But, you say, this exception is expected, and will be handled in some other way – say, by telling the user that he’s entered a bad value, and requesting his input again.

Well then, it’s not an exception, and you shouldn’t use a function that makes an exception out of a commonplace occurrence. Look instead to StringCchCopy, which will return an error result when you overflow. Handle the error result correctly, and you avoid the mess and overhead of exception handling. Or, use strncpy_s with the “_TRUNCATE” parameter for the count value, and get a similar kind of handling.

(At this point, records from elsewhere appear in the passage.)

lemma sphere_density_cap_bound:
  assumes "d \<ge> 2" "lk > 0" "b > 0"
  obtains C where "C > 0"
    and "\<And>l V x. l > 0 \<Longrightarrow> l \<le> b * V \<Longrightarrow> 0 < x \<Longrightarrow> x < 1 - lk / l \<Longrightarrow>
      sphere_density d x
        \<le> C * l powr (- ((real d - 3) / 2)) * exp (max 0 ((real d - 3) / 2) * (V * (1 - lk / l - x)))"
proof
  define r where "r = (real d - 3) / 2"
  define C where "C = 2 powr max 0 r * sphere_density d 0 * (lk powr r + (lk + b) powr r)"
  have "sphere_density d 0 > 0" using assms(1) by (simp add: sphere_density_def)
  then show "C > 0" using assms by (simp add: C_def add_pos_pos)
  fix l V x assume l: "l > 0" "l \<le> b * V" and x: "0 < x" "x < 1 - lk / l"
  have "1 - x \<le> (lk + b * (V * (1 - lk / l - x))) / l"
  proof -
    define w where "w = 1 - lk / l - x"
    have "l * w \<le> b * V * w" using l x by (intro mult_right_mono) (auto simp: w_def)
    then have "w \<le> b * (V * w) / l" using l by (simp add: field_simps)
    then show ?thesis unfolding add_divide_distrib w_def[symmetric] by (simp add: w_def)
  qed
  moreover have "V > 0" using l assms by (smt (verit) mult_nonneg_nonpos)
  ultimately have "(1 - x) powr r
      \<le> (lk powr r + (lk + b) powr r) * l powr (- r) * exp (max 0 r * (V * (1 - lk / l - x)))"
    using assms l x by (intro powr_le_exp_scaled) auto
  moreover have "x < 1" using x l assms by (smt (verit) divide_pos_pos)
  then have "sphere_density d x \<le> 2 powr max 0 r * sphere_density d 0 * (1 - x) powr r"
    using sphere_density_le_powr[OF assms(1)] x by (simp add: r_def)
  ultimately show "sphere_density d x \<le> C * l powr (- r) * exp (max 0 r * (V * (1 - lk / l - x)))"
    using sphere_density_nonneg[OF assms(1), of 0] unfolding C_def
    by (smt (verit, best) mult.assoc mult_left_mono powr_ge_zero)
qed

lemma sphere_cap_integral_le:
  assumes "d \<ge> 2" "lk > 0" "b > 0"
  obtains K where "K > 0"
    and "\<And>l V Q D. lk < l \<Longrightarrow> l \<le> b * V \<Longrightarrow> (\<And>s t. s \<le> t \<Longrightarrow> Q t \<le> Q s) \<Longrightarrow>
      (\<And>y. y \<ge> 0 \<Longrightarrow> 0 \<le> Q (V / (1 - lk / l) + y)
        \<and> Q (V / (1 - lk / l) + y) \<le> D * exp (- (max 0 ((real d - 3) / 2) + 1) * y)) \<Longrightarrow>
      \<bar>LBINT \<theta>=0..1 - lk / l. Q (V / \<theta>) * sphere_density d \<theta>\<bar> \<le> K * l powr (- ((real d - 1) / 2)) * D"
proof -
  define r where "r = (real d - 3) / 2"
  obtain C where C: "C > 0" and density: "\<And>l V x. l > 0 \<Longrightarrow> l \<le> b * V \<Longrightarrow> 0 < x \<Longrightarrow> x < 1 - lk / l \<Longrightarrow>
      sphere_density d x \<le> C * l powr (- r) * exp (max 0 r * (V * (1 - lk / l - x)))"
    using sphere_density_cap_bound[OF assms] unfolding r_def by auto
  show thesis
  proof (rule that[of "C * b"])
    show "C * b > 0" using C assms by simp
    fix l V D and Q :: "real \<Rightarrow> real"
    assume l: "lk < l" "l \<le> b * V" and Q_antimono: "\<And>s t. s \<le> t \<Longrightarrow> Q t \<le> Q s"
      and Q_decay: "\<And>y. y \<ge> 0 \<Longrightarrow> 0 \<le> Q (V / (1 - lk / l) + y)
        \<and> Q (V / (1 - lk / l) + y) \<le> D * exp (- (max 0 ((real d - 3) / 2) + 1) * y)"
    have "l > 0" "V > 0" using l assms by (auto, smt (verit) mult_nonneg_nonpos)
    have "\<bar>LBINT \<theta>=0..1 - lk / l. Q (V / \<theta>) * sphere_density d \<theta>\<bar> \<le> C * l powr (- r) * D / V"
    proof (rule interval_integral_scaled_tail_le[OF _ _ \<open>V > 0\<close> _ Q_antimono])
      show "0 \<le> Q (V / (1 - lk / l) + y) \<and> Q (V / (1 - lk / l) + y) \<le> D * exp (- (max 0 r + 1) * y)"
        if "y \<ge> 0" for y using Q_decay[OF that] by (simp add: r_def)
      show "0 \<le> sphere_density d x
          \<and> sphere_density d x \<le> C * l powr (- r) * exp ((max 0 r + 1 - 1) * (V * (1 - lk / l - x)))"
        if "x \<in> {0<..<1 - lk / l}" for x
        using density[OF \<open>l > 0\<close> l(2)] that sphere_density_nonneg[OF assms(1)] by simp
    qed (use l assms C in auto)
    also have "\<dots> \<le> C * l powr (- r) * D * b / l"
    proof -
      have "D \<ge> 0" using Q_decay[of 0] by simp
      moreover have "1 / V \<le> b / l" using l \<open>l > 0\<close> \<open>V > 0\<close> by (simp add: field_simps)
      ultimately show ?thesis using C by (simp add: divide_inverse mult_left_mono)
    qed
    also have "\<dots> = C * b * l powr (- ((real d - 1) / 2)) * D"
    proof -
      have "- ((real d - 1) / 2) = - r - 1" by (simp add: r_def field_simps)
      then have "l powr (- ((real d - 1) / 2)) = l powr (- r) / l" using \<open>l > 0\<close> by (simp add: powr_diff)
      then show ?thesis by simp
    qed
    finally show "\<bar>LBINT \<theta>=0..1 - lk / l. Q (V / \<theta>) * sphere_density d \<theta>\<bar> \<le> C * b * l powr (- ((real d - 1) / 2)) * D" .
  qed
qed

section \<open>The logarithmic threshold\<close>

lemma tendsto_const_div_ln: "((\<lambda>u::real. c / ln u) \<longlongrightarrow> (0::real)) at_top"
  by (rule tendsto_divide_0[OF tendsto_const filterlim_at_top_imp_at_infinity[OF ln_at_top]])

lemma log_threshold_div_ln_tendsto:
  fixes a :: "real \<Rightarrow> real"
  assumes "(a \<longlongrightarrow> \<alpha>) at_top" "\<alpha> > 0" "\<delta> > 0" "lam > 0"
  shows "((\<lambda>u. ln (u / \<delta> / lam) / a u / ln u) \<longlongrightarrow> 1 / \<alpha>) at_top"
proof -
  have "\<forall>\<^sub>F u in at_top. ln (u / \<delta> / lam) / a u / ln u = (1 - (ln \<delta> + ln lam) / ln u) / a u"
    using eventually_gt_at_top[of 1] by eventually_elim (use assms in \<open>simp add: ln_div ln_mult field_simps\<close>)
  moreover have "((\<lambda>u. (1 - (ln \<delta> + ln lam) / ln u) / a u) \<longlongrightarrow> (1 - 0) / \<alpha>) at_top"
    using assms by (intro tendsto_intros tendsto_const_div_ln) auto
  ultimately show ?thesis by (simp add: tendsto_cong)
qed

lemma log_threshold_gap_tendsto:
  fixes a :: "real \<Rightarrow> real"
  assumes "(a \<longlongrightarrow> \<alpha>) at_top" "\<alpha> > 0" "\<delta> > 0" "lam > 0" "k > 0"
  shows "((\<lambda>u. ln (u / \<delta> / lam) / a u / (1 - ln k / ln u) - ln (u / lam) / a u)
    \<longlongrightarrow> ln (k / \<delta>) / \<alpha>) at_top"
proof -
  have "\<forall>\<^sub>F u in at_top. a u > 0"
    using order_tendstoD(1)[OF assms(1,2)] .
  moreover have "\<forall>\<^sub>F u in at_top. ln u > max 0 (ln k)"
    by (metis ln_at_top filterlim_at_top_dense)
  ultimately have "\<forall>\<^sub>F u in at_top. ln (u / \<delta> / lam) / a u / (1 - ln k / ln u) - ln (u / lam) / a u
      = (ln k - ln \<delta> - ln lam * (ln k / ln u)) / (a u * (1 - ln k / ln u))"
    using eventually_gt_at_top[of 0]
  proof eventually_elim
    case (elim u)
    then have "ln u - ln k \<noteq> 0" by simp
    with elim assms show ?case by (simp add: ln_div ln_mult field_simps)
  qed
  moreover have "((\<lambda>u. (ln k - ln \<delta> - ln lam * (ln k / ln u)) / (a u * (1 - ln k / ln u)))
      \<longlongrightarrow> (ln k - ln \<delta> - ln lam * 0) / (\<alpha> * (1 - 0))) at_top"
    using assms by (intro tendsto_intros tendsto_const_div_ln) auto
  ultimately show ?thesis using assms by (simp add: tendsto_cong ln_div)
qed

lemma log_threshold_ge_ln:
  fixes a :: "real \<Rightarrow> real"
  assumes "(a \<longlongrightarrow> \<alpha>) at_top" "\<alpha> > 0" "\<delta> > 0" "lam > 0" "k > 1"
  shows "\<forall>\<^sub>F u in at_top. ln k < ln u \<and> ln u \<le> 2 * \<alpha> * (ln (u / \<delta> / lam) / a u)"
proof -
  have "1 / (2 * \<alpha>) < 1 / \<alpha>" using assms(2) by (simp add: field_simps)
  from order_tendstoD(1)[OF log_threshold_div_ln_tendsto[OF assms(1-4)] this]
  have "\<forall>\<^sub>F u in at_top. 1 / (2 * \<alpha>) < ln (u / \<delta> / lam) / a u / ln u" .
  moreover have "\<forall>\<^sub>F u in at_top. ln k < ln u" by (metis ln_at_top filterlim_at_top_dense)
  ultimately show ?thesis
  proof eventually_elim
    case (elim u)
    define V where "V = ln (u / \<delta> / lam) / a u"
    have "ln u > 0" using elim(2) assms(5) by (smt (verit) ln_gt_zero)
    then show ?case using elim[folded V_def] assms(2) unfolding V_def[symmetric] by (simp add: field_simps)
  qed
qed

lemma log_threshold_at_top:
  fixes a :: "real \<Rightarrow> real"
  assumes "(a \<longlongrightarrow> \<alpha>) at_top" "\<alpha> > 0" "\<delta> > 0" "lam > 0"
  shows "filterlim (\<lambda>u. ln (u / \<delta> / lam) / a u) at_top at_top"
proof (rule filterlim_at_top_mono)
  show "LIM u at_top. 1 / (2 * \<alpha>) * ln u :> at_top"
    using assms(2) by (intro filterlim_tendsto_pos_mult_at_top[OF tendsto_const _ ln_at_top]) simp
  have scale: "x \<le> 2 * \<alpha> * y \<Longrightarrow> 1 / (2 * \<alpha>) * x \<le> y" for x y
    using assms(2) by (simp add: field_simps)
  have "exp 1 > (1 :: real)" by simp
  from log_threshold_ge_ln[OF assms this]
  show "\<forall>\<^sub>F u in at_top. 1 / (2 * \<alpha>) * ln u \<le> ln (u / \<delta> / lam) / a u"
    by (rule eventually_mono) (blast intro: scale)
qed

lemma log_threshold_cap_at_top:
  fixes a :: "real \<Rightarrow> real"
  assumes "(a \<longlongrightarrow> \<alpha>) at_top" "\<alpha> > 0" "\<delta> > 0" "lam > 0" "k > 1"
  shows "filterlim (\<lambda>u. ln (u / \<delta> / lam) / a u / (1 - ln k / ln u)) at_top at_top"
proof (rule filterlim_at_top_mono[OF log_threshold_at_top[OF assms(1-4)]])
  show "\<forall>\<^sub>F u in at_top. ln (u / \<delta> / lam) / a u \<le> ln (u / \<delta> / lam) / a u / (1 - ln k / ln u)"
    using log_threshold_ge_ln[OF assms]
  proof eventually_elim
    case (elim u)
    define V where "V = ln (u / \<delta> / lam) / a u"
    have "0 < ln k" using assms(5) by simp
    then have "0 < 1 - ln k / ln u" "1 - ln k / ln u \<le> 1" using elim by (auto simp: field_simps)
    moreover have "0 < 2 * \<alpha> * V" using elim[folded V_def] \<open>0 < ln k\<close> by linarith
    then have "0 \<le> V" using assms(2) by (simp add: zero_less_mult_iff)
    ultimately show ?case
      unfolding V_def[symmetric] using mult_left_le[of "1 - ln k / ln u" V] by (simp add: le_divide_eq)
  qed
qed

lemma log_threshold_root_at_top:
  fixes a :: "real \<Rightarrow> real"
  assumes "(a \<longlongrightarrow> \<alpha>) at_top" "\<alpha> > 0" "lam > 0"
  shows "filterlim (\<lambda>u. (u / lam) powr (1 / a u)) at_top at_top"
proof (rule filterlim_at_top_mono[OF log_threshold_at_top[OF assms(1,2) zero_less_one assms(3)]])
  show "\<forall>\<^sub>F u in at_top. ln (u / 1 / lam) / a u \<le> (u / lam) powr (1 / a u)"
    using eventually_gt_at_top[of 0]
  proof eventually_elim
    case (elim u)
    have "ln (u / lam) / a u \<le> exp (ln (u / lam) / a u)" by (smt (verit) exp_ge_add_one_self)
    then show ?case using elim assms by (simp add: powr_def)
  qed
qed

lemma log_threshold_cap_gap:
  fixes a :: "real \<Rightarrow> real"
  assumes "(a \<longlongrightarrow> \<alpha>) at_top" "\<alpha> > 0" "\<delta> > 0" "lam > 0" "k > \<delta>"
  shows "\<forall>\<^sub>F u in at_top.
    exp (ln (k / \<delta>) / (2 * \<alpha>)) * (u / lam) powr (1 / a u) \<le> exp (ln (u / \<delta> / lam) / a u / (1 - ln k / ln u))"
proof -
  have "ln (k / \<delta>) / (2 * \<alpha>) < ln (k / \<delta>) / \<alpha>" using assms by (simp add: field_simps)
  from order_tendstoD(1)[OF log_threshold_gap_tendsto[OF assms(1-4)] this]
  have "\<forall>\<^sub>F u in at_top. ln (k / \<delta>) / (2 * \<alpha>) + ln (u / lam) / a u \<le> ln (u / \<delta> / lam) / a u / (1 - ln k / ln u)"
    using assms by (auto elim: eventually_mono)
  then show ?thesis using eventually_gt_at_top[of 0]
    by eventually_elim (use assms(4) in \<open>simp add: powr_def mult.commute flip: exp_add\<close>)
qed

section \<open>Tails in the Gumbel domain of attraction\<close>

lemma power_two_bracket:
  fixes y :: real
  assumes "y \<ge> 1"
  shows "\<exists>n. 2 ^ n \<le> y \<and> y < 2 * 2 ^ n"
proof -
  define n where "n = nat \<lfloor>log 2 y\<rfloor>"
  have "log 2 y \<ge> 0" using assms by simp
  then have "real n \<le> log 2 y" "log 2 y < real n + 1" unfolding n_def by linarith+
  then have "2 powr real n \<le> 2 powr log 2 y" "2 powr log 2 y < 2 powr (real n + 1)" by simp_all
  then show ?thesis using assms by (intro exI[of _ n]) (simp add: powr_add powr_realpow)
qed

locale gumbel_tail =
  fixes G e :: "real \<Rightarrow> real"
  assumes tail_antimono: "s \<le> t \<Longrightarrow> G t \<le> G s"
    and tail_pos: "G t > 0"
    and tail_ratio: "((\<lambda>t. G (t + x * e t) / G t) \<longlongrightarrow> exp (- x)) at_top"
    and scale_pos: "\<forall>\<^sub>F t in at_top. e t > 0"
begin

lemma tail_nonzero [simp]: "G t \<noteq> 0"
  using tail_pos[of t] by simp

Programmer Hubris Part 3: Microsoft Knows I’m Not That Into Them

In Programmer Hubris Part 1, I described that frequently I'd come across applications that impinge on my consciousness far more than is justified by my infrequent use of them.

I expressed it rather simply as "I'm just not that into you". You, the developer, may believe that your app is the most important thing in the world – to me, it's something I use once every six months, and not because I want to. Don't give me even more reason to remove your application.

Maybe Microsoft gets this, because they've just released "Windows Principles: Twelve Tenets to Promote Competition".

Some of the highlights relevant to this topic:

1. Installation of any software

2. Easy access

3. Defaults

4. Exclusive promotion of non-Microsoft programs

I also like:

6. APIs

9. No exclusivity

10. Communications protocols

12. Standards

Go and read the document – I hope to hold Microsoft to these principles in the years to come.

Defence in death

“Defence in depth” (or “defense in depth”, if you’re American) is a frequently misunderstood term in security.

It refers to designing your software with the assumption that layers above you that were supposed to protect you have failed to do so – in whatever manner is most inconvenient to your application.

As Steve Riley points out, it’s not the same as simply applying the same measure at a couple of different places – it’s about assuming that the measure above you failed.

An example is “my firewall restricts external traffic from reaching me” – that’s a first layer of defence. The second layer of defence might be “my application requires a user-name and password”. It’s defence in depth, because even if an attacker can fake traffic through your firewall, he’ll have to come up with a password that works.

I’m starting to think about laptop encryption as being “defence in death”.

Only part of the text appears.